● Task item: Return every line from the one with "then show False" through the one with "(simp only: rel)", inclusive, exactly as it appears below.

[Stored dataset items]
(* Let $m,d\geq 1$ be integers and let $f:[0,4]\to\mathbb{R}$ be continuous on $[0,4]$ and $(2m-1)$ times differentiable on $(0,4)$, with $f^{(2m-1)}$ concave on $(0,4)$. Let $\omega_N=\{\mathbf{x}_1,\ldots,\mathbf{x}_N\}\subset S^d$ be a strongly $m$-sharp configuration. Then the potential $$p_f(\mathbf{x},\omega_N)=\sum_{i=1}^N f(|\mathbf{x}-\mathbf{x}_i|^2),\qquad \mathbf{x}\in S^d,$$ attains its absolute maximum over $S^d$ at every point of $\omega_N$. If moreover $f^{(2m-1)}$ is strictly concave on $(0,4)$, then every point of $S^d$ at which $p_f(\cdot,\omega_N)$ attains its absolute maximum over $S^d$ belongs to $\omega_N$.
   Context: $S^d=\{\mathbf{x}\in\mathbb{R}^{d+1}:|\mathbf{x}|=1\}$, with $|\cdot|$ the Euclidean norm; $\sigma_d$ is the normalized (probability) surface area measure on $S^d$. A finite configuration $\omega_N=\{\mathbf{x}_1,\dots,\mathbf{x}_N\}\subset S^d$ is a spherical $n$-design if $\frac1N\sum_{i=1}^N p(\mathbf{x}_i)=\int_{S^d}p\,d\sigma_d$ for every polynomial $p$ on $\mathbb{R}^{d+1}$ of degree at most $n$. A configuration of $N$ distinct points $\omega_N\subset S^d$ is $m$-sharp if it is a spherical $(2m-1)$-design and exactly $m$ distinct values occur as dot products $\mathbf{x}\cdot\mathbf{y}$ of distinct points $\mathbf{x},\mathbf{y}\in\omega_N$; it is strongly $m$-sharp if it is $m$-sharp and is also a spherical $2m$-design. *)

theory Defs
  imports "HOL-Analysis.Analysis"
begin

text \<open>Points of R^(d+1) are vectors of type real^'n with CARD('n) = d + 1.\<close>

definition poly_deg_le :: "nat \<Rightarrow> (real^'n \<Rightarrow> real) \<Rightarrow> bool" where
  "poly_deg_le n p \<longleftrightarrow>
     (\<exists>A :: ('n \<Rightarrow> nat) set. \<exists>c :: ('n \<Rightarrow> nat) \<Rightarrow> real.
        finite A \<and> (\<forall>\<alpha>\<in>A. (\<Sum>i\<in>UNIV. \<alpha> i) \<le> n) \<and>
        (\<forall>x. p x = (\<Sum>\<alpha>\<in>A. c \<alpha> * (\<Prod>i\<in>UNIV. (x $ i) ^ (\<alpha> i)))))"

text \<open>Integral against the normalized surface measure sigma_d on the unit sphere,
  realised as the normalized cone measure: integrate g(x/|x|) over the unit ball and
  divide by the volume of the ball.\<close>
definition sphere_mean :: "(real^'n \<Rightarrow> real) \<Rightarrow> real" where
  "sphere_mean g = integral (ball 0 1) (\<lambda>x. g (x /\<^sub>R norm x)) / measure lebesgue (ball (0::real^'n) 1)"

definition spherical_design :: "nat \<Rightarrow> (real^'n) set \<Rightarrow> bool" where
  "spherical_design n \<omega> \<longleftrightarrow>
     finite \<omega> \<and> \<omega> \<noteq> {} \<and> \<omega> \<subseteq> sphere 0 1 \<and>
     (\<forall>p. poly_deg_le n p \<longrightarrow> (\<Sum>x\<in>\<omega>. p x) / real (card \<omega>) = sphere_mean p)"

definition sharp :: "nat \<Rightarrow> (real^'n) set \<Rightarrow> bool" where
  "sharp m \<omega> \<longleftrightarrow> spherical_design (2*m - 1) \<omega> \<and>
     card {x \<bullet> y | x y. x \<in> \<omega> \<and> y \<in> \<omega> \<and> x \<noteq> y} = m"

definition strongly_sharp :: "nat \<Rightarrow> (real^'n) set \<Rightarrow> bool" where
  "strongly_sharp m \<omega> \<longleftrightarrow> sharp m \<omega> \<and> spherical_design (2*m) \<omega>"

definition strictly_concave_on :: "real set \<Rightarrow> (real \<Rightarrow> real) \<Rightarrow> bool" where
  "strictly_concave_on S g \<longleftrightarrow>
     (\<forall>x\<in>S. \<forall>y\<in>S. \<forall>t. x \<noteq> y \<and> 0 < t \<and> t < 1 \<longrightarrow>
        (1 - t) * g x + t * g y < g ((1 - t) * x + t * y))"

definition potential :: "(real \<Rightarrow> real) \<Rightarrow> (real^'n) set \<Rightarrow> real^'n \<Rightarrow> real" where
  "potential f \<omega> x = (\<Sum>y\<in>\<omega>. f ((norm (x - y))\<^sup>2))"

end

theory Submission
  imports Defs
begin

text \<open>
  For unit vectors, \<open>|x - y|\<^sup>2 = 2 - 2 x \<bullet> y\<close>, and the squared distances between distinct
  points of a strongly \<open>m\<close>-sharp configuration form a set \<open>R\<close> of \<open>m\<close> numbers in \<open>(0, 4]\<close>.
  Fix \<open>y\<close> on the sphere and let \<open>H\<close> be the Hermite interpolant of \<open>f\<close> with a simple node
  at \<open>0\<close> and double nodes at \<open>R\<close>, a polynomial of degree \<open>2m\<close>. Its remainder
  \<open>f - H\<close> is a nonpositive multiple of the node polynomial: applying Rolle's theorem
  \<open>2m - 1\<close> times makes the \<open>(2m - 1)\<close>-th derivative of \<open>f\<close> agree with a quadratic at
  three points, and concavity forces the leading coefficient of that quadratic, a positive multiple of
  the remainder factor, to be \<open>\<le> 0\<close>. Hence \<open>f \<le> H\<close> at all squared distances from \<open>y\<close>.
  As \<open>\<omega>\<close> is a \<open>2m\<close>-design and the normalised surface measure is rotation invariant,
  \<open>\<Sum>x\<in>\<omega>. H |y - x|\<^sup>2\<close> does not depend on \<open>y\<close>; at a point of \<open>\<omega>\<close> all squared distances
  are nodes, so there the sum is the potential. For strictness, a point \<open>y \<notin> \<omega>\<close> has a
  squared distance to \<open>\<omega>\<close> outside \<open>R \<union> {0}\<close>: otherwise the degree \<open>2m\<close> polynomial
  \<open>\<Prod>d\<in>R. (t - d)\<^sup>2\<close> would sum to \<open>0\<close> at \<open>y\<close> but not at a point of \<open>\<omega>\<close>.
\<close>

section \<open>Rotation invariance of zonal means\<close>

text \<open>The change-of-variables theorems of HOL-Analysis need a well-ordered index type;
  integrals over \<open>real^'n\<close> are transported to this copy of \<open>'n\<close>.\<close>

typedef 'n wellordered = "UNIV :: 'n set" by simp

==

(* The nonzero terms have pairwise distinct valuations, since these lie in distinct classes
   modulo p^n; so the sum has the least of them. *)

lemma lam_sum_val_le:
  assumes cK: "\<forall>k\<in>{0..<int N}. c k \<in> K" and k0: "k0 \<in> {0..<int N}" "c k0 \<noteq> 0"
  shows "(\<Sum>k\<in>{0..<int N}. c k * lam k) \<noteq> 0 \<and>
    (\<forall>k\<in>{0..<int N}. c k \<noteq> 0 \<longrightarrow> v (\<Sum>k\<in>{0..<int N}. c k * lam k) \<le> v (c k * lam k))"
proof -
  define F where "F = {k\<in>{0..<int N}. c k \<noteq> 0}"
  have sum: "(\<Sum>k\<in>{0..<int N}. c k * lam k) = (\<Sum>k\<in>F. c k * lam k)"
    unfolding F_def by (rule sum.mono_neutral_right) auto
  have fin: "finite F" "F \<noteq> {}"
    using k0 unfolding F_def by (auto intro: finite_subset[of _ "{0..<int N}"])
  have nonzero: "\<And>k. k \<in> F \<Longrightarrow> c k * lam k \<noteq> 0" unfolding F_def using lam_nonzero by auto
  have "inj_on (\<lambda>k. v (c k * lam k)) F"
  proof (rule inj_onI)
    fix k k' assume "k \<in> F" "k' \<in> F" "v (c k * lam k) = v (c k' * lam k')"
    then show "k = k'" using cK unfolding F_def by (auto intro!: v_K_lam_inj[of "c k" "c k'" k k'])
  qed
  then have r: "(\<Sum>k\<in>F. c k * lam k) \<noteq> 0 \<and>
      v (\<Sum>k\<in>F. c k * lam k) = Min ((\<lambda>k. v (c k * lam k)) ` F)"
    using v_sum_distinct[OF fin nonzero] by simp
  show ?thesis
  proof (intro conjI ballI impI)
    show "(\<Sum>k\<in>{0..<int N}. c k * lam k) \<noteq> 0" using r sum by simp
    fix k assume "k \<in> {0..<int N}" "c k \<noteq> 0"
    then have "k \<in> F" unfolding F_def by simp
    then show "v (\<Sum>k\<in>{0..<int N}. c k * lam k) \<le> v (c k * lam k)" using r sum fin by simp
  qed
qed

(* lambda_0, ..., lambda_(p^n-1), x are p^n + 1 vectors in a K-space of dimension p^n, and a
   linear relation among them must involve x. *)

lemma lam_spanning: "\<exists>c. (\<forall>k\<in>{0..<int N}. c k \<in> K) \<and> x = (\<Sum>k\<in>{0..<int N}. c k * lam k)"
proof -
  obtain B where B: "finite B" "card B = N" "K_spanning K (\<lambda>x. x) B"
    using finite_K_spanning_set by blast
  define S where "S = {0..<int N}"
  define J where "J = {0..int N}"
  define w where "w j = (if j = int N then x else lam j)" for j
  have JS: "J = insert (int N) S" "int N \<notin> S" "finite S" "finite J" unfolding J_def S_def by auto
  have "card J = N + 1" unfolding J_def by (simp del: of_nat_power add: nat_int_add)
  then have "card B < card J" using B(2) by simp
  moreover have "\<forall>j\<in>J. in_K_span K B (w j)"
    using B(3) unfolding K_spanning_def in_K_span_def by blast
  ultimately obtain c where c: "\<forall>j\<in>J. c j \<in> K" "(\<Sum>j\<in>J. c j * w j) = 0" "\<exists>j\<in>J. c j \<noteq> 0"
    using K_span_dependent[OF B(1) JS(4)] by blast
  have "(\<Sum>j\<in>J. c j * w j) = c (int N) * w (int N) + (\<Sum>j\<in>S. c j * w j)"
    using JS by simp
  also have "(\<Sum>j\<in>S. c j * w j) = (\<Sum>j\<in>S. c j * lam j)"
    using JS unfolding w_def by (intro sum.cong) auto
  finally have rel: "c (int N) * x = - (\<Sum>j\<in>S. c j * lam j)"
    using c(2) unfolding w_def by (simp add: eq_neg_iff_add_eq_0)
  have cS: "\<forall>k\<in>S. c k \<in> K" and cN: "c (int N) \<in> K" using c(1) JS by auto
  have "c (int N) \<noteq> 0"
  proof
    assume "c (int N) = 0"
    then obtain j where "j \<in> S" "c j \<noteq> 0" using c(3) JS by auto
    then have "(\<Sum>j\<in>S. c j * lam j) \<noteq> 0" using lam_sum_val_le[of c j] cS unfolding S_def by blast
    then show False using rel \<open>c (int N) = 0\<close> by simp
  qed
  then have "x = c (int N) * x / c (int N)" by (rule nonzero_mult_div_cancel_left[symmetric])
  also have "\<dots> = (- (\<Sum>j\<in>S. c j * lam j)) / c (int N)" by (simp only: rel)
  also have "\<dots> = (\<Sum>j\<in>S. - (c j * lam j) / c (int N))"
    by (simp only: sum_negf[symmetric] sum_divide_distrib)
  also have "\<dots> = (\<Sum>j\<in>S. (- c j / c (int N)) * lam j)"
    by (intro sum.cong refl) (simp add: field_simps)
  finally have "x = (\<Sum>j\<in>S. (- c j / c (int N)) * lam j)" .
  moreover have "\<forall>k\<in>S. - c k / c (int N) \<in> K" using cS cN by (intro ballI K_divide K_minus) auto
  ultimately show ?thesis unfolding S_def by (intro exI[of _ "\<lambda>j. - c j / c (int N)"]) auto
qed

● Result below:
    then show False using rel \<open>c (int N) = 0\<close> by simp
  qed
  then have "x = c (int N) * x / c (int N)" by (rule nonzero_mult_div_cancel_left[symmetric])
  also have "\<dots> = (- (\<Sum>j\<in>S. c j * lam j)) / c (int N)" by (simp only: rel)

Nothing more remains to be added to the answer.